> _Available data_:
lemma
  fixes h :: "'x \<Rightarrow> 'b::{banach, second_countable_topology}"
  assumes h: "integrable P h"
  shows AE_integrable_orbit: "AE x in P. integrable Q (\<lambda>g. h (act g x))"
    and integrable_orbit_average: "integrable P (orbit_average h)"
    and integral_orbit_average: "integral\<^sup>L P (orbit_average h) = integral\<^sup>L P h"
proof -
  have orbit: "integrable (P \<Otimes>\<^sub>M Q) (\<lambda>(x, g). h (act g x))"
    using h by (simp add: integrable_orbit_iff)
  show "AE x in P. integrable Q (\<lambda>g. h (act g x))"
    using AE_integrable_fst[OF orbit] .
  show "integrable P (orbit_average h)"
    using integrable_fst[OF orbit] by (simp add: orbit_average_def[abs_def])
  have "integral\<^sup>L P (orbit_average h) = (\<integral>g. (\<integral>x. h (act g x) \<partial>P) \<partial>Q)"
    using Fubini_integral[OF orbit] by (simp add: orbit_average_def[abs_def])
  also have "\<dots> = (\<integral>g. integral\<^sup>L P h \<partial>Q)"
    using AE_integral_act[OF borel_measurable_integrable[OF h]]
      borel_measurable_integrable[OF integrable_snd[OF orbit]]
    by (intro integral_cong_AE) simp_all
  also have "\<dots> = integral\<^sup>L P h"
    by (simp add: M2.prob_space)
  finally show "integral\<^sup>L P (orbit_average h) = integral\<^sup>L P h" .
qed

lemma convex_orbit_average_le:
  fixes h :: "'x \<Rightarrow> 'v::euclidean_space" and f :: "'v \<Rightarrow> real"
  assumes f: "convex_on UNIV f" and h: "integrable P h" and fh: "integrable P (\<lambda>x. f (h x))"
  shows "integrable P (\<lambda>x. f (orbit_average h x))"
    and "(\<integral>x. f (orbit_average h x) \<partial>P) \<le> (\<integral>x. f (h x) \<partial>P)"
proof -
  obtain c where c: "\<And>y. f 0 + c \<bullet> y \<le> f y"
    using convex_on_UNIV_subgradient[OF f, where z = 0] by auto
  have jensen: "AE x in P. f (orbit_average h x) \<le> orbit_average (\<lambda>x. f (h x)) x"
    using AE_integrable_orbit[OF h] AE_integrable_orbit[OF fh]
    by eventually_elim (simp add: orbit_average_def M2.jensens_inequality_euclidean[OF f])
  have bounds: "AE x in P. f 0 + c \<bullet> orbit_average h x \<le> f (orbit_average h x)
      \<and> f (orbit_average h x) \<le> orbit_average (\<lambda>x. f (h x)) x"
    using jensen by eventually_elim (simp add: c)
  have "(\<lambda>x. f (orbit_average h x)) \<in> borel_measurable P"
    using borel_measurable_integrable[OF integrable_orbit_average[OF h]]
      convex_on_continuous[OF open_UNIV f]
    by (simp add: borel_measurable_continuous_on)
  moreover have "integrable P (\<lambda>x. f 0 + c \<bullet> orbit_average h x)"
    using integrable_orbit_average[OF h] by simp
  ultimately show int: "integrable P (\<lambda>x. f (orbit_average h x))"
    using integrable_real_between[OF _ integrable_orbit_average[OF fh] _ bounds] by blast
  have "(\<integral>x. f (orbit_average h x) \<partial>P) \<le> integral\<^sup>L P (orbit_average (\<lambda>x. f (h x)))"
    using jensen int integrable_orbit_average[OF fh] by (intro integral_mono_AE) auto
  then show "(\<integral>x. f (orbit_average h x) \<partial>P) \<le> (\<integral>x. f (h x) \<partial>P)"
    using integral_orbit_average[OF fh] by simp
qed

lemma mean_vec_orbit_average:
  "integrable P h \<Longrightarrow> mean_vec P (orbit_average h) = mean_vec P h"
  by (simp add: mean_vec_def integral_orbit_average)

lemma loewner_le_cov_matrix_orbit_average:
  fixes h :: "'x \<Rightarrow> real ^ 'p"
  assumes h: "h \<in> borel_measurable P" and sq: "integrable P (\<lambda>x. (norm (h x))\<^sup>2)"
  shows "loewner_le (cov_matrix P (orbit_average h)) (cov_matrix P h)"
proof (rule loewner_leI)
  fix v :: "real ^ 'p"
  define m where "m = mean_vec P h"
  have int: "integrable P h"
    using M1.square_norm_integrable_imp_integrable[OF h sq] .
  have sq_m: "integrable P (\<lambda>x. (norm (h x - m))\<^sup>2)"
    using M1.integrable_norm_diff_square[OF h sq] .
  have "integrable P (\<lambda>x. (v \<bullet> (h x - m))\<^sup>2)"
  proof (rule Bochner_Integration.integrable_bound)
    show "integrable P (\<lambda>x. (norm v)\<^sup>2 * (norm (h x - m))\<^sup>2)"
      using sq_m by simp
    show "(\<lambda>x. (v \<bullet> (h x - m))\<^sup>2) \<in> borel_measurable P"
      using h by measurable
    have "\<bar>v \<bullet> (h x - m)\<bar>\<^sup>2 \<le> (norm v * norm (h x - m))\<^sup>2" for x
      by (rule power_mono[OF Cauchy_Schwarz_ineq2 abs_ge_zero])
    then show "AE x in P. norm ((v \<bullet> (h x - m))\<^sup>2) \<le> norm ((norm v)\<^sup>2 * (norm (h x - m))\<^sup>2)"
      by (simp add: power_mult_distrib)
  qed
  then have "(\<integral>x. (v \<bullet> (orbit_average h x - m))\<^sup>2 \<partial>P) \<le> (\<integral>x. (v \<bullet> (h x - m))\<^sup>2 \<partial>P)"
    using convex_orbit_average_le(2)[OF convex_on_inner_diff_square int] by simp
  moreover have "v \<bullet> (cov_matrix P (orbit_average h) *v v) = (\<integral>x. (v \<bullet> (orbit_average h x - m))\<^sup>2 \<partial>P)"
    using cov_matrix_quadratic_form[OF borel_measurable_integrable[OF integrable_orbit_average[OF int]]]
      convex_orbit_average_le(1)[OF convex_on_norm_diff_square int sq_m]
    by (simp add: mean_vec_orbit_average[OF int] m_def)
  moreover have "v \<bullet> (cov_matrix P h *v v) = (\<integral>x. (v \<bullet> (h x - m))\<^sup>2 \<partial>P)"
    using cov_matrix_quadratic_form[OF h] sq_m by (simp add: m_def)
  ultimately show "v \<bullet> (cov_matrix P (orbit_average h) *v v) \<le> v \<bullet> (cov_matrix P h *v v)"
    by simp
qed
lemma integral_Pair_zero:
  fixes f :: "'a \<Rightarrow> 'v::{real_normed_vector, complete_space, second_countable_topology}"
  shows "integral\<^sup>L M (\<lambda>x. (f x, 0::'v)) = (integral\<^sup>L M f, 0)"
  by (rule integral_bounded_linear'[OF
        bounded_linear_Pair[OF bounded_linear_ident bounded_linear_zero] bounded_linear_fst]) simp

lemma integrable_bound_complete:
  fixes f :: "'a \<Rightarrow> real"
    and g :: "'a \<Rightarrow> 'v::{real_normed_vector, complete_space, second_countable_topology}"
  assumes "integrable M f" "g \<in> borel_measurable M" "AE x in M. norm (g x) \<le> norm (f x)"
  shows "integrable M g"
  using Bochner_Integration.integrable_bound[OF assms(1), of "\<lambda>x. (g x, 0::'v)"] assms(2,3)
  by (simp add: integrable_Pair_zero_iff)

lemma integral_norm_bound_complete:
  fixes f :: "'a \<Rightarrow> 'v::{real_normed_vector, complete_space, second_countable_topology}"
  shows "norm (integral\<^sup>L M f) \<le> (\<integral>x. norm (f x) \<partial>M)"
  using integral_norm_bound[of M "\<lambda>x. (f x, 0::'v)"] by (simp add: integral_Pair_zero)

lemma
  fixes f :: "'b \<Rightarrow> 'v::{real_normed_vector, complete_space, second_countable_topology}"
  assumes "g \<in> measurable M N" "f \<in> borel_measurable N"
  shows integral_distr_complete: "integral\<^sup>L (distr M N g) f = (\<integral>x. f (g x) \<partial>M)"
    and integrable_distr_eq_complete: "integrable (distr M N g) f \<longleftrightarrow> integrable M (\<lambda>x. f (g x))"
  using integral_distr[OF assms(1), of "\<lambda>x. (f x, 0::'v)"]
    integrable_distr_eq[OF assms(1), of "\<lambda>x. (f x, 0::'v)"] assms(2)
  by (simp_all add: integral_Pair_zero integrable_Pair_zero_iff)

lemma L2rv_bound:
  fixes f :: "'a \<Rightarrow> 'v::{real_normed_vector, second_countable_topology}"
    and g :: "'a \<Rightarrow> 'u::{real_normed_vector, second_countable_topology}"
  assumes "L2rv M g" "f \<in> borel_measurable M" "\<And>x. x \<in> space M \<Longrightarrow> norm (f x) \<le> c * norm (g x)"
  shows "L2rv M f"
  unfolding L2rv_def
proof
  show "integrable M (\<lambda>x. (norm (f x))\<^sup>2)"
  proof (rule Bochner_Integration.integrable_bound)
    show "integrable M (\<lambda>x. c\<^sup>2 * (norm (g x))\<^sup>2)" using assms(1) by (simp add: L2rv_def)
    show "(\<lambda>x. (norm (f x))\<^sup>2) \<in> borel_measurable M" using assms(2) by measurable
    have "(norm (f x))\<^sup>2 \<le> c\<^sup>2 * (norm (g x))\<^sup>2" if "x \<in> space M" for x
      using power_mono[OF assms(3)[OF that] norm_ge_zero] by (simp add: power_mult_distrib)
    then show "AE x in M. norm ((norm (f x))\<^sup>2) \<le> norm (c\<^sup>2 * (norm (g x))\<^sup>2)" by (simp add: AE_I2)
  qed
qed fact

lemma L2rv_add:
  fixes f g :: "'a \<Rightarrow> 'v::{real_normed_vector, second_countable_topology}"
  assumes f: "L2rv M f" and g: "L2rv M g"
  shows "L2rv M (\<lambda>x. f x + g x)"
  unfolding L2rv_def
proof
  have [measurable]: "f \<in> borel_measurable M" "g \<in> borel_measurable M"
    using f g by (simp_all add: L2rv_def)
  show "(\<lambda>x. f x + g x) \<in> borel_measurable M" by measurable
  show "integrable M (\<lambda>x. (norm (f x + g x))\<^sup>2)"
  proof (rule Bochner_Integration.integrable_bound)
    show "integrable M (\<lambda>x. 2 * (norm (f x))\<^sup>2 + 2 * (norm (g x))\<^sup>2)"
      using f g by (simp add: L2rv_def)
    show "(\<lambda>x. (norm (f x + g x))\<^sup>2) \<in> borel_measurable M" by measurable
    have "(norm (f x + g x))\<^sup>2 \<le> 2 * (norm (f x))\<^sup>2 + 2 * (norm (g x))\<^sup>2" for x
    proof -
      have "(norm (f x + g x))\<^sup>2 \<le> (norm (f x) + norm (g x))\<^sup>2"
        by (rule power_mono[OF norm_triangle_ineq norm_ge_zero])
      also have "\<dots> \<le> 2 * (norm (f x))\<^sup>2 + 2 * (norm (g x))\<^sup>2"
        using zero_le_power2[of "norm (f x) - norm (g x)"]
        by (simp add: power2_eq_square algebra_simps)
      finally show ?thesis .
    qed
    then show "AE x in M. norm ((norm (f x + g x))\<^sup>2) \<le> norm (2 * (norm (f x))\<^sup>2 + 2 * (norm (g x))\<^sup>2)"
      by simp
  qed
qed

lemma L2rv_scaleR:
  fixes f :: "'a \<Rightarrow> 'v::{real_normed_vector, second_countable_topology}"
  assumes "L2rv M f" shows "L2rv M (\<lambda>x. c *\<^sub>R f x)"
proof (rule L2rv_bound[OF assms, where c="\<bar>c\<bar>"])
  have [measurable]: "f \<in> borel_measurable M" using assms by (simp add: L2rv_def)
  show "(\<lambda>x. c *\<^sub>R f x) \<in> borel_measurable M" by measurable
qed simp

lemma L2rv_diff:
  fixes f g :: "'a \<Rightarrow> 'v::{real_normed_vector, second_countable_topology}"
  assumes "L2rv M f" "L2rv M g" shows "L2rv M (\<lambda>x. f x - g x)"
  using L2rv_add[OF assms(1) L2rv_scaleR[OF assms(2), of "-1"]] by simp

lemma L2rv_sum:
  fixes f :: "'i \<Rightarrow> 'a \<Rightarrow> 'v::{real_normed_vector, second_countable_topology}"
  assumes "finite I" "\<And>i. i \<in> I \<Longrightarrow> L2rv M (f i)"
  shows "L2rv M (\<lambda>x. \<Sum>i\<in>I. f i x)"
  using assms
proof (induction I rule: finite_induct)
  case empty
  show ?case by (simp add: L2rv_def)
next
  case (insert i I)
  then show ?case by (simp add: L2rv_add)
qed

lemma integrable_inner_L2rv:
  fixes f g :: "'a \<Rightarrow> 'v::{real_inner, second_countable_topology}"
  assumes f: "L2rv M f" and g: "L2rv M g"
  shows "integrable M (\<lambda>x. inner (f x) (g x))"
proof (rule Bochner_Integration.integrable_bound)
  have [measurable]: "f \<in> borel_measurable M" "g \<in> borel_measurable M"
    using f g by (simp_all add: L2rv_def)
  show "integrable M (\<lambda>x. (norm (f x))\<^sup>2 + (norm (g x))\<^sup>2)" using f g by (simp add: L2rv_def)
  show "(\<lambda>x. inner (f x) (g x)) \<in> borel_measurable M" by measurable
  have "\<bar>inner (f x) (g x)\<bar> \<le> (norm (f x))\<^sup>2 + (norm (g x))\<^sup>2" for x
    using Cauchy_Schwarz_ineq2[of "f x" "g x"] zero_le_power2[of "norm (f x) - norm (g x)"]
      mult_nonneg_nonneg[OF norm_ge_zero norm_ge_zero, of "f x" "g x"]
    by (simp add: power2_eq_square algebra_simps)
  then show "AE x in M. norm (inner (f x) (g x)) \<le> norm ((norm (f x))\<^sup>2 + (norm (g x))\<^sup>2)" by simp
qed

lemma L2norm_squared: "(L2norm M f)\<^sup>2 = (\<integral>x. (norm (f x))\<^sup>2 \<partial>M)"
  by (simp add: L2norm_def integral_nonneg_AE)

lemma L2norm_norm [simp]: "L2norm M (\<lambda>x. norm (f x)) = L2norm M f"
  by (simp add: L2norm_def)

lemma L2rv_norm:
  fixes f :: "'a \<Rightarrow> 'v::{real_normed_vector, second_countable_topology}"
  assumes "L2rv M f" shows "L2rv M (\<lambda>x. norm (f x))"
proof -
  have [measurable]: "f \<in> borel_measurable M" using assms by (simp add: L2rv_def)
  have "(\<lambda>x. norm (f x)) \<in> borel_measurable M" by measurable
  then show ?thesis using assms by (simp add: L2rv_def)
qed

lemma Cauchy_Schwarz_L2norm:
  fixes f g :: "'a \<Rightarrow> real"
  assumes f: "L2rv M f" and g: "L2rv M g"
  shows "(\<integral>x. \<bar>f x * g x\<bar> \<partial>M) \<le> L2norm M f * L2norm M g"
proof -
  have [measurable]: "f \<in> borel_measurable M" "g \<in> borel_measurable M"
    using f g by (simp_all add: L2rv_def)
  have int: "integrable M (\<lambda>x. \<bar>f x * g x\<bar>)"
    using integrable_norm[OF integrable_inner_L2rv[OF f g]] by simp
  have nn: "(\<integral>\<^sup>+x. ennreal (h x) \<partial>M) = ennreal (integral\<^sup>L M h)"
    if "integrable M h" "\<And>x. 0 \<le> h x" for h :: "'a \<Rightarrow> real"
    using nn_integral_eq_integral[OF that(1)] that(2) by simp
  have "(\<integral>\<^sup>+x. ennreal \<bar>f x\<bar> * ennreal \<bar>g x\<bar> \<partial>M)\<^sup>2
      \<le> (\<integral>\<^sup>+x. ennreal \<bar>f x\<bar> ^ 2 \<partial>M) * (\<integral>\<^sup>+x. ennreal \<bar>g x\<bar> ^ 2 \<partial>M)"
    by (rule Cauchy_Schwarz_nn_integral) measurable
  then have "ennreal ((\<integral>x. \<bar>f x * g x\<bar> \<partial>M)\<^sup>2)
      \<le> ennreal ((\<integral>x. (f x)\<^sup>2 \<partial>M) * (\<integral>x. (g x)\<^sup>2 \<partial>M))"
    using f g int
    by (simp add: L2rv_def nn ennreal_power ennreal_mult[symmetric] abs_mult integral_nonneg_AE)
  then have "(\<integral>x. \<bar>f x * g x\<bar> \<partial>M)\<^sup>2 \<le> (\<integral>x. (f x)\<^sup>2 \<partial>M) * (\<integral>x. (g x)\<^sup>2 \<partial>M)"
    by (simp add: integral_nonneg_AE)
  then show ?thesis by (simp add: L2norm_def real_le_rsqrt real_sqrt_mult[symmetric])
qed

lemma L2norm_diff_le:
  fixes f g :: "'a \<Rightarrow> 'v::{real_normed_vector, second_countable_topology}"
  assumes f: "L2rv M f" and g: "L2rv M g"
  shows "L2norm M (\<lambda>x. f x - g x) \<le> L2norm M f + L2norm M g"
proof -
  have int: "integrable M (\<lambda>x. (norm (f x))\<^sup>2)" "integrable M (\<lambda>x. (norm (g x))\<^sup>2)"
    "integrable M (\<lambda>x. (norm (f x - g x))\<^sup>2)" "integrable M (\<lambda>x. \<bar>norm (f x) * norm (g x)\<bar>)"
    using f g L2rv_diff[OF f g]
      integrable_norm[OF integrable_inner_L2rv[OF L2rv_norm[OF f] L2rv_norm[OF g]]]
    by (simp_all add: L2rv_def)
  have "(\<integral>x. (norm (f x - g x))\<^sup>2 \<partial>M)
      \<le> (\<integral>x. (norm (f x))\<^sup>2 + 2 * \<bar>norm (f x) * norm (g x)\<bar> + (norm (g x))\<^sup>2 \<partial>M)"
  proof (rule integral_mono)
    fix x
    have "(norm (f x - g x))\<^sup>2 \<le> (norm (f x) + norm (g x))\<^sup>2"
      by (rule power_mono[OF norm_triangle_ineq4 norm_ge_zero])
    then show "(norm (f x - g x))\<^sup>2 \<le> (norm (f x))\<^sup>2 + 2 * \<bar>norm (f x) * norm (g x)\<bar> + (norm (g x))\<^sup>2"
      by (simp add: power2_eq_square algebra_simps)
  qed (use int in simp_all)
  also have "\<dots> = (L2norm M f)\<^sup>2 + 2 * (\<integral>x. \<bar>norm (f x) * norm (g x)\<bar> \<partial>M) + (L2norm M g)\<^sup>2"
    using int by (simp add: L2norm_def integral_nonneg_AE)
  also have "\<dots> \<le> (L2norm M f)\<^sup>2 + 2 * (L2norm M f * L2norm M g) + (L2norm M g)\<^sup>2"
    using Cauchy_Schwarz_L2norm[OF L2rv_norm[OF f] L2rv_norm[OF g]] by simp
  also have "\<dots> = (L2norm M f + L2norm M g)\<^sup>2" by (simp add: power2_eq_square algebra_simps)
  finally have "sqrt (\<integral>x. (norm (f x - g x))\<^sup>2 \<partial>M) \<le> sqrt ((L2norm M f + L2norm M g)\<^sup>2)"
    by (rule real_sqrt_le_mono)
  then show ?thesis by (simp add: L2norm_def)
qed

> _Exercise_:
Identify the lines above with the word "that". Copy them.

> _Solution below_:
      using power_mono[OF assms(3)[OF that] norm_ge_zero] by (simp add: power_mult_distrib)
    using nn_integral_eq_integral[OF that(1)] that(2) by simp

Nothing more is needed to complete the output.